* **Data to process**

——

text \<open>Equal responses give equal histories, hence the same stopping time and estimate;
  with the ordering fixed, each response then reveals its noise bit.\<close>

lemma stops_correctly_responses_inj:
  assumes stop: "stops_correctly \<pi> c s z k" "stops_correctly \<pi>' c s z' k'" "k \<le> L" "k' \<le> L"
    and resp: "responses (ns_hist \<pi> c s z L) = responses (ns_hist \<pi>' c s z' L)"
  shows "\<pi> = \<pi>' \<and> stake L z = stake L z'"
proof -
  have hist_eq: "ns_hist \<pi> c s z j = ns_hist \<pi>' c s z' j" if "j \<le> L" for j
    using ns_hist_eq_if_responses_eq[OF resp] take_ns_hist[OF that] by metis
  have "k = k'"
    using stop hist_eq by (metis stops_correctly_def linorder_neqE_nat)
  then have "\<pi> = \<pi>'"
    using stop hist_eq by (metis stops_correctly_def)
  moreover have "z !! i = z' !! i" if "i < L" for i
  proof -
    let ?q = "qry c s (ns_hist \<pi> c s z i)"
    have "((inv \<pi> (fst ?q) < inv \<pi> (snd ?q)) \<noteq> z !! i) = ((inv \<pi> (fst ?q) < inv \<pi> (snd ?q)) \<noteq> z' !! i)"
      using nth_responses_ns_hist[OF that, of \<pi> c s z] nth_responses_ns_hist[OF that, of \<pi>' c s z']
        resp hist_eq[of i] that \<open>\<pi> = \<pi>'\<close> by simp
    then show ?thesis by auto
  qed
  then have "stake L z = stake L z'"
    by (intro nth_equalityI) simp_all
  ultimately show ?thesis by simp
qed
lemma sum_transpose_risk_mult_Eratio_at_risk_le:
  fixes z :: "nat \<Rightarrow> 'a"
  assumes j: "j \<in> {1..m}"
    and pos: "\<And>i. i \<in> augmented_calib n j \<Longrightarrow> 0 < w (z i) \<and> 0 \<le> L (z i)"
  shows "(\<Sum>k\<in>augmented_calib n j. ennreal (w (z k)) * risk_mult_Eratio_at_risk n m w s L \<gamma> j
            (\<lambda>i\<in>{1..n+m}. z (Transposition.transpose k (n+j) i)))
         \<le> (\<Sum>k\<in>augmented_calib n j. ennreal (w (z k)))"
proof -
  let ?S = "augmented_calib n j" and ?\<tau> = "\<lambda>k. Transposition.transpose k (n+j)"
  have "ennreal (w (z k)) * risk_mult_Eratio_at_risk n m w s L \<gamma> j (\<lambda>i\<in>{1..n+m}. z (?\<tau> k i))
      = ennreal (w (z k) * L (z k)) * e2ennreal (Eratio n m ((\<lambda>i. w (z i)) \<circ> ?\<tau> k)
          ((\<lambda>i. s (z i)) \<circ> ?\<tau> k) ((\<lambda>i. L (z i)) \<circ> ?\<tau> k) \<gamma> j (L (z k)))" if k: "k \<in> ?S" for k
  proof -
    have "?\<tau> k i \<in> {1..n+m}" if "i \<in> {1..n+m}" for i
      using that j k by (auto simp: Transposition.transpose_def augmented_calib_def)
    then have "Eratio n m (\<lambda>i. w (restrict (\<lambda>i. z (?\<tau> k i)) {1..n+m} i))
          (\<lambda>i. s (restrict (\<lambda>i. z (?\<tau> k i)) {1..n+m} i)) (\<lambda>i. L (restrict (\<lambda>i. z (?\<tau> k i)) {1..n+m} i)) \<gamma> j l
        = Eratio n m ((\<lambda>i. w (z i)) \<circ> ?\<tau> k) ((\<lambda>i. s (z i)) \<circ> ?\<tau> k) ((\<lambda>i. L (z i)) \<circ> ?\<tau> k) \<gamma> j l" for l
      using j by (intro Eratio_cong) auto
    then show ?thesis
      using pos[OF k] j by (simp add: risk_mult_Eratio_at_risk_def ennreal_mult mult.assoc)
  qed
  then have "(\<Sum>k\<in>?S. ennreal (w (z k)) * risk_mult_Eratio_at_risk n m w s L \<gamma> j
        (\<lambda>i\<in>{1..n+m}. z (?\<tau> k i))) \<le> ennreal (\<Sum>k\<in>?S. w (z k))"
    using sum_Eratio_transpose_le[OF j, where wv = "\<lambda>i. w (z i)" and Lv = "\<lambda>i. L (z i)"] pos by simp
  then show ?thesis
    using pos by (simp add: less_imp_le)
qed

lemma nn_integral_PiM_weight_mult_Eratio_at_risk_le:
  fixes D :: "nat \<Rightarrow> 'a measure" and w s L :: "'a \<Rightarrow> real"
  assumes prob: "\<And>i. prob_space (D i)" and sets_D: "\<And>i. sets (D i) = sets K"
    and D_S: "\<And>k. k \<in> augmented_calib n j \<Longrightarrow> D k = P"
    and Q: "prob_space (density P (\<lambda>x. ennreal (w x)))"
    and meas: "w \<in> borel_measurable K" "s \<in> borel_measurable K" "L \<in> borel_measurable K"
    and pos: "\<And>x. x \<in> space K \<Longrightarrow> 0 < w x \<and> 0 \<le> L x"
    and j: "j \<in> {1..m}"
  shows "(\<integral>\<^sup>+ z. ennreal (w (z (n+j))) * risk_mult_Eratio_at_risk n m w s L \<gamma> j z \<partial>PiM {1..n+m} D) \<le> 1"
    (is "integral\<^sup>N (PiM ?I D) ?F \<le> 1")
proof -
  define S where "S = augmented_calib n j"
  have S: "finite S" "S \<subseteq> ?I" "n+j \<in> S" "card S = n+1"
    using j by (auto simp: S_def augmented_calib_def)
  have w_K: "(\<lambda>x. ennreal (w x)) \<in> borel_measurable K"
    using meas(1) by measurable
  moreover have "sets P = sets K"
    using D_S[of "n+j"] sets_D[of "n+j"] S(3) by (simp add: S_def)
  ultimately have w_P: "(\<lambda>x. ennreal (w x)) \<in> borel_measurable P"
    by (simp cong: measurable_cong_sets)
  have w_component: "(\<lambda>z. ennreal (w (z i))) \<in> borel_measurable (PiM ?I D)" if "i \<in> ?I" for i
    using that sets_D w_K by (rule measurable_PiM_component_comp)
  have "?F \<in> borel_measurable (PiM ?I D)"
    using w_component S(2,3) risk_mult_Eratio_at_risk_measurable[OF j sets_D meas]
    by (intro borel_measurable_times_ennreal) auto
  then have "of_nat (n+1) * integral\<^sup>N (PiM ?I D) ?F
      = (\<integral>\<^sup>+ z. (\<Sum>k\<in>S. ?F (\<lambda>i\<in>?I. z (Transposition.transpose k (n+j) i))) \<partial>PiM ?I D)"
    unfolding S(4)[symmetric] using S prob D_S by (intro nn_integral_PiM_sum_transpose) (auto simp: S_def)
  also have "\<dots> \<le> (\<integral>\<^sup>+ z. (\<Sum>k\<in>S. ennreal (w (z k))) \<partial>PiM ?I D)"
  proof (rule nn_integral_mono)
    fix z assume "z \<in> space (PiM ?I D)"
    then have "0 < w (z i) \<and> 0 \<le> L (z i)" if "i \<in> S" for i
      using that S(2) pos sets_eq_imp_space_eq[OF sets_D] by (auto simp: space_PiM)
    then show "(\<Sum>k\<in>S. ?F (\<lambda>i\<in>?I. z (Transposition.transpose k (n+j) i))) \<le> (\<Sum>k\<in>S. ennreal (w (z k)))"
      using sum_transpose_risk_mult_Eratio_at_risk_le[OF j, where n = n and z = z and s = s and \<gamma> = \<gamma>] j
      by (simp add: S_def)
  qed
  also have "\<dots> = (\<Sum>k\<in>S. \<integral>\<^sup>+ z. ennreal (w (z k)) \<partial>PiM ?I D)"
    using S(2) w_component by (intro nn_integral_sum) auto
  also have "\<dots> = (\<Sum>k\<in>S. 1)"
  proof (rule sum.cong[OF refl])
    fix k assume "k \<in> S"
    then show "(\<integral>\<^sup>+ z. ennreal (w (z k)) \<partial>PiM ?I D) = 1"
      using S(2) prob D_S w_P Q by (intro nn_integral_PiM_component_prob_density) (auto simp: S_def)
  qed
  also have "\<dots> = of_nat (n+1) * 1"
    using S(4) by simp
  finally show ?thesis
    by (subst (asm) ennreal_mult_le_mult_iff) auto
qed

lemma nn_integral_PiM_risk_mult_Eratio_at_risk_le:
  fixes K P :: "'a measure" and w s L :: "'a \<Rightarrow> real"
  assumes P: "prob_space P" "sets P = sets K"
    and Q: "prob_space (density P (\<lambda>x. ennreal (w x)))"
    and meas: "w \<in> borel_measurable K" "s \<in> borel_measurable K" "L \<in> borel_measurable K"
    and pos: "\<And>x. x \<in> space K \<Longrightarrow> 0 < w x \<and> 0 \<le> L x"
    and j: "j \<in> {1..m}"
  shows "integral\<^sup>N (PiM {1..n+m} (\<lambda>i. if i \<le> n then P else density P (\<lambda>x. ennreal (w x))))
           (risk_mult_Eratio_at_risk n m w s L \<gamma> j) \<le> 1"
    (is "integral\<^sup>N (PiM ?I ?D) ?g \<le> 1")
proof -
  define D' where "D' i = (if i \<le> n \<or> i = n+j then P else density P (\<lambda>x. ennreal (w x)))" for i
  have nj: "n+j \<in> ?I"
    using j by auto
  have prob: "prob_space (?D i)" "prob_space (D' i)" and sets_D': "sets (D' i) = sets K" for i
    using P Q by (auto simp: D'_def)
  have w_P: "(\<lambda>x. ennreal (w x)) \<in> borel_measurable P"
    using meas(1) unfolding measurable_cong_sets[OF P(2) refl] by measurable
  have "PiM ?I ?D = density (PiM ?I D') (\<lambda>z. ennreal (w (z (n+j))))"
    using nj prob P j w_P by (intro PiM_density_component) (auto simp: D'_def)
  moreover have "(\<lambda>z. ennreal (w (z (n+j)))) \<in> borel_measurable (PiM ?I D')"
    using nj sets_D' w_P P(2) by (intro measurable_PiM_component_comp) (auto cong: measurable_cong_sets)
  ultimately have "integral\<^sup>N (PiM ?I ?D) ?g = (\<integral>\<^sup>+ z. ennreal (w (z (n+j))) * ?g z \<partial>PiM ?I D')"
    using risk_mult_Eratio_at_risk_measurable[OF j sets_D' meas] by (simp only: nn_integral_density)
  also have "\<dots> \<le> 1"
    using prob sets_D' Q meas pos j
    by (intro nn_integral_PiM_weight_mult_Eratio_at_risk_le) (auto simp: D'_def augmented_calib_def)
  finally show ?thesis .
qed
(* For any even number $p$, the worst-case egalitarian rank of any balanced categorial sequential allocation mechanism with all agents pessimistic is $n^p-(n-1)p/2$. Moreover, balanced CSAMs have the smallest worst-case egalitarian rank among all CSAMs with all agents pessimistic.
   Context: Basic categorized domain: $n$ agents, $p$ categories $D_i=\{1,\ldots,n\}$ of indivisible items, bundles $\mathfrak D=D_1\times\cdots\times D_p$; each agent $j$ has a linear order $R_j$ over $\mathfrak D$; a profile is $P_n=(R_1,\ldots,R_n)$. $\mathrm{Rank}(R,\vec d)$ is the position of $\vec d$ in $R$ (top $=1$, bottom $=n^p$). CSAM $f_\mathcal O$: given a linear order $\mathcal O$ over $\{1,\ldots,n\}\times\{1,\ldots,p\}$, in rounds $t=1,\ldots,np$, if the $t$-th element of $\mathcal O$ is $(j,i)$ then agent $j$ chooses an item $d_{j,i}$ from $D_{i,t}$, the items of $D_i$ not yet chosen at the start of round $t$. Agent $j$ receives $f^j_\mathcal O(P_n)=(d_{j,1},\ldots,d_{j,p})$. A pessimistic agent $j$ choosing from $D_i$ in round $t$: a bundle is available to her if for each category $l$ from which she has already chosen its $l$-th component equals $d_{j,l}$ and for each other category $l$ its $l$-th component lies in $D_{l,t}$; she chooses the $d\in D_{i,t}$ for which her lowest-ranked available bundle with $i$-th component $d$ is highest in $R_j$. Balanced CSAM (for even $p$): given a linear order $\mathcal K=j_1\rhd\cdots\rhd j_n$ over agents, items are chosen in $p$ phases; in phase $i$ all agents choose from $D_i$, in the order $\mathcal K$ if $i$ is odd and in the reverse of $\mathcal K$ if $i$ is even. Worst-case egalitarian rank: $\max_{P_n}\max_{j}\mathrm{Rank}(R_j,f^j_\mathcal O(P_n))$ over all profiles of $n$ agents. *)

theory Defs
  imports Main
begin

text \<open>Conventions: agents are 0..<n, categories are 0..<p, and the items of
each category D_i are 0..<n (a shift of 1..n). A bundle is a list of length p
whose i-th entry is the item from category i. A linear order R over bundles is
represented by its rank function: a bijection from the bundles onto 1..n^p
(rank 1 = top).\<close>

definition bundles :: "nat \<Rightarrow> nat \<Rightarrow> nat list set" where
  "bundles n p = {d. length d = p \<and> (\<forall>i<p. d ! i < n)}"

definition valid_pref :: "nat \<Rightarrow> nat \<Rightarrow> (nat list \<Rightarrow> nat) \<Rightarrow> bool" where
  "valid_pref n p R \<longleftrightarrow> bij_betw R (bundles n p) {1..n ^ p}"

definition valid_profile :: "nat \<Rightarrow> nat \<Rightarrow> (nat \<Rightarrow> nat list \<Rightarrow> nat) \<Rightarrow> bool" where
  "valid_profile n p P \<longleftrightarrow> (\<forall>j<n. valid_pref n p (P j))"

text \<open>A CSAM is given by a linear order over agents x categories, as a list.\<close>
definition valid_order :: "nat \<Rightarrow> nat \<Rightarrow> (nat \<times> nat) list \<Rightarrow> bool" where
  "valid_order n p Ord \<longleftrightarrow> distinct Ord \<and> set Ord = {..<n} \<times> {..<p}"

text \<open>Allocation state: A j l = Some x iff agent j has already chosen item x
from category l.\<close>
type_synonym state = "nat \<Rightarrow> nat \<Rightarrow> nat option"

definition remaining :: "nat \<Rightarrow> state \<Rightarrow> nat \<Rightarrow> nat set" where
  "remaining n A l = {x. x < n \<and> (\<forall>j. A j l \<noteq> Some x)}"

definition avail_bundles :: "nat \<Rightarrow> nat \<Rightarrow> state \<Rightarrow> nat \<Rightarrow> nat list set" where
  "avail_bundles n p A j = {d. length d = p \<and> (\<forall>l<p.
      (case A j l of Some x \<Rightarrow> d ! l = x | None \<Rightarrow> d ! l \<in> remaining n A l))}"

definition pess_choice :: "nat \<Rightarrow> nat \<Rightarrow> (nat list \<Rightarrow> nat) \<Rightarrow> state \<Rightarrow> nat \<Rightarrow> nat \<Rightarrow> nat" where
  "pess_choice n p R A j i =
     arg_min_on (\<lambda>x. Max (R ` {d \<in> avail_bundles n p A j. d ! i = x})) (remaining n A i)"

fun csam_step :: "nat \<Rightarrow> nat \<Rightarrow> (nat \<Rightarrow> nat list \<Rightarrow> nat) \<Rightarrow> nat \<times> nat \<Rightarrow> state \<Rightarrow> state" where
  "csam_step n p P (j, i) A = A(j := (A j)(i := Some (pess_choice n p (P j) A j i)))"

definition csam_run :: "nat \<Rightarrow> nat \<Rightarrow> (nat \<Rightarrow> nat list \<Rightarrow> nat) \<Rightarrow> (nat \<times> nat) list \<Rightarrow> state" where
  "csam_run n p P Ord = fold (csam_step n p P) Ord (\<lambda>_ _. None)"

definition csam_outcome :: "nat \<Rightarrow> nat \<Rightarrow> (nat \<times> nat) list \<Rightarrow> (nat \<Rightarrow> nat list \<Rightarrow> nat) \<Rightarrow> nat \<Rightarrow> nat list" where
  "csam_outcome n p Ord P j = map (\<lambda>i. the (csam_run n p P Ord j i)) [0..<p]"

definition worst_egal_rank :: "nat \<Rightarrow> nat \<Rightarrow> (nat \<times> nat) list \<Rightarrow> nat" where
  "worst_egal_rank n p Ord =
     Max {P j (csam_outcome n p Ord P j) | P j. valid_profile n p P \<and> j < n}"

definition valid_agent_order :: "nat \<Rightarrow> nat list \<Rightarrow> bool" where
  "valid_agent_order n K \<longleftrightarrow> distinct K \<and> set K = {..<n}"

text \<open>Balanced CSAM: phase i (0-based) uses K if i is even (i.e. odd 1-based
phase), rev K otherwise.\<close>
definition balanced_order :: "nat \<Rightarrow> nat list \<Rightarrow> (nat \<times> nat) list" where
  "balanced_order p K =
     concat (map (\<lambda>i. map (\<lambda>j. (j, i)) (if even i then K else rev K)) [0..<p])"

——

* **Directions**
Where the listing above reaches the line that contains "nat) \<Rightarrow> state", start retyping, and finish with the line that contains "fold (csam_step n"; reproduce those lines exactly and no others.

* **Solution for this exercise**
definition pess_choice :: "nat \<Rightarrow> nat \<Rightarrow> (nat list \<Rightarrow> nat) \<Rightarrow> state \<Rightarrow> nat \<Rightarrow> nat \<Rightarrow> nat" where
  "pess_choice n p R A j i =
     arg_min_on (\<lambda>x. Max (R ` {d \<in> avail_bundles n p A j. d ! i = x})) (remaining n A i)"

fun csam_step :: "nat \<Rightarrow> nat \<Rightarrow> (nat \<Rightarrow> nat list \<Rightarrow> nat) \<Rightarrow> nat \<times> nat \<Rightarrow> state \<Rightarrow> state" where
  "csam_step n p P (j, i) A = A(j := (A j)(i := Some (pess_choice n p (P j) A j i)))"

definition csam_run :: "nat \<Rightarrow> nat \<Rightarrow> (nat \<Rightarrow> nat list \<Rightarrow> nat) \<Rightarrow> (nat \<times> nat) list \<Rightarrow> state" where
  "csam_run n p P Ord = fold (csam_step n p P) Ord (\<lambda>_ _. None)"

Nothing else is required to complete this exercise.